Regulators have stepped up enforcement, and recently court judgments have been less lenient with Chief Financial Officers and directors who sway from their corporate accountabilities and fiduciary duties. The oversight on gatekeepers - rating agencies, external auditors and corporate analysts - to avoid risk of misleading disclosures on company financials and long term sustainability to safeguard investors and other stakeholders, is progressively increasing. The media and financial journalists as influencers are working towards active yet responsible reporting. The CG Blueprint reinforces corporate citizenship, sustainability and value creation in tandem with globalisation and growth.

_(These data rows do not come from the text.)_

lemma (in prob_space) indep_rvs_compose:
  assumes ind: "indep_rvs S X T Y" and f: "f \<in> measurable S S'" and h: "h \<in> measurable T T'"
  shows "indep_rvs S' (\<lambda>\<omega>. f (X \<omega>)) T' (\<lambda>\<omega>. h (Y \<omega>))"
  unfolding indep_rvs_def
proof (intro conjI ballI)
  have X: "random_variable S X" and Y: "random_variable T Y"
    and rect: "\<And>A B. A \<in> sets S \<Longrightarrow> B \<in> sets T \<Longrightarrow> prob {\<omega>\<in>space M. X \<omega> \<in> A \<and> Y \<omega> \<in> B}
        = prob {\<omega>\<in>space M. X \<omega> \<in> A} * prob {\<omega>\<in>space M. Y \<omega> \<in> B}"
    using ind unfolding indep_rvs_def by blast+
  show "random_variable S' (\<lambda>\<omega>. f (X \<omega>))" "random_variable T' (\<lambda>\<omega>. h (Y \<omega>))"
    using measurable_compose[OF X f] measurable_compose[OF Y h] .
  fix A B assume "A \<in> sets S'" "B \<in> sets T'"
  then have "prob {\<omega>\<in>space M. X \<omega> \<in> f -` A \<inter> space S \<and> Y \<omega> \<in> h -` B \<inter> space T}
      = prob {\<omega>\<in>space M. X \<omega> \<in> f -` A \<inter> space S} * prob {\<omega>\<in>space M. Y \<omega> \<in> h -` B \<inter> space T}"
    using f h by (intro rect) (auto simp: measurable_sets)
  moreover have "{\<omega>\<in>space M. f (X \<omega>) \<in> A} = {\<omega>\<in>space M. X \<omega> \<in> f -` A \<inter> space S}"
    "{\<omega>\<in>space M. h (Y \<omega>) \<in> B} = {\<omega>\<in>space M. Y \<omega> \<in> h -` B \<inter> space T}"
    "{\<omega>\<in>space M. f (X \<omega>) \<in> A \<and> h (Y \<omega>) \<in> B}
      = {\<omega>\<in>space M. X \<omega> \<in> f -` A \<inter> space S \<and> Y \<omega> \<in> h -` B \<inter> space T}"
    using measurable_space[OF X] measurable_space[OF Y] by auto
  ultimately show "prob {\<omega>\<in>space M. f (X \<omega>) \<in> A \<and> h (Y \<omega>) \<in> B}
      = prob {\<omega>\<in>space M. f (X \<omega>) \<in> A} * prob {\<omega>\<in>space M. h (Y \<omega>) \<in> B}"
    by simp
qed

Vijayam Nadarajah has worked in insurance companies and banks for more than 18 years. Her extensive experience in operations, internal audit, investigation and risk coupled with leadership, drive and passion for good governance, control and corporate behaviours has seen her through a series of commendable achievements in the appointments that she has held. One of these achievements is a 90 page Treasury policy she wrote after three months in the job and the first such policy for a Bank that had been in operation for more than 20 years.

The President of the Institute of Internal Auditors Malaysia (IIAM) in 1996/97, Vijayam was also instrumental in setting up training courses for internal auditors in banks and finance, stock broking and insurance companies. Currently, she runs training programmes on risk-based topics, corporate governance, corporate reporting and ethics.

A Fellow member of CPA Australia and IIAM, and a chartered accountant of MIA, Vijayam holds an LLB as well.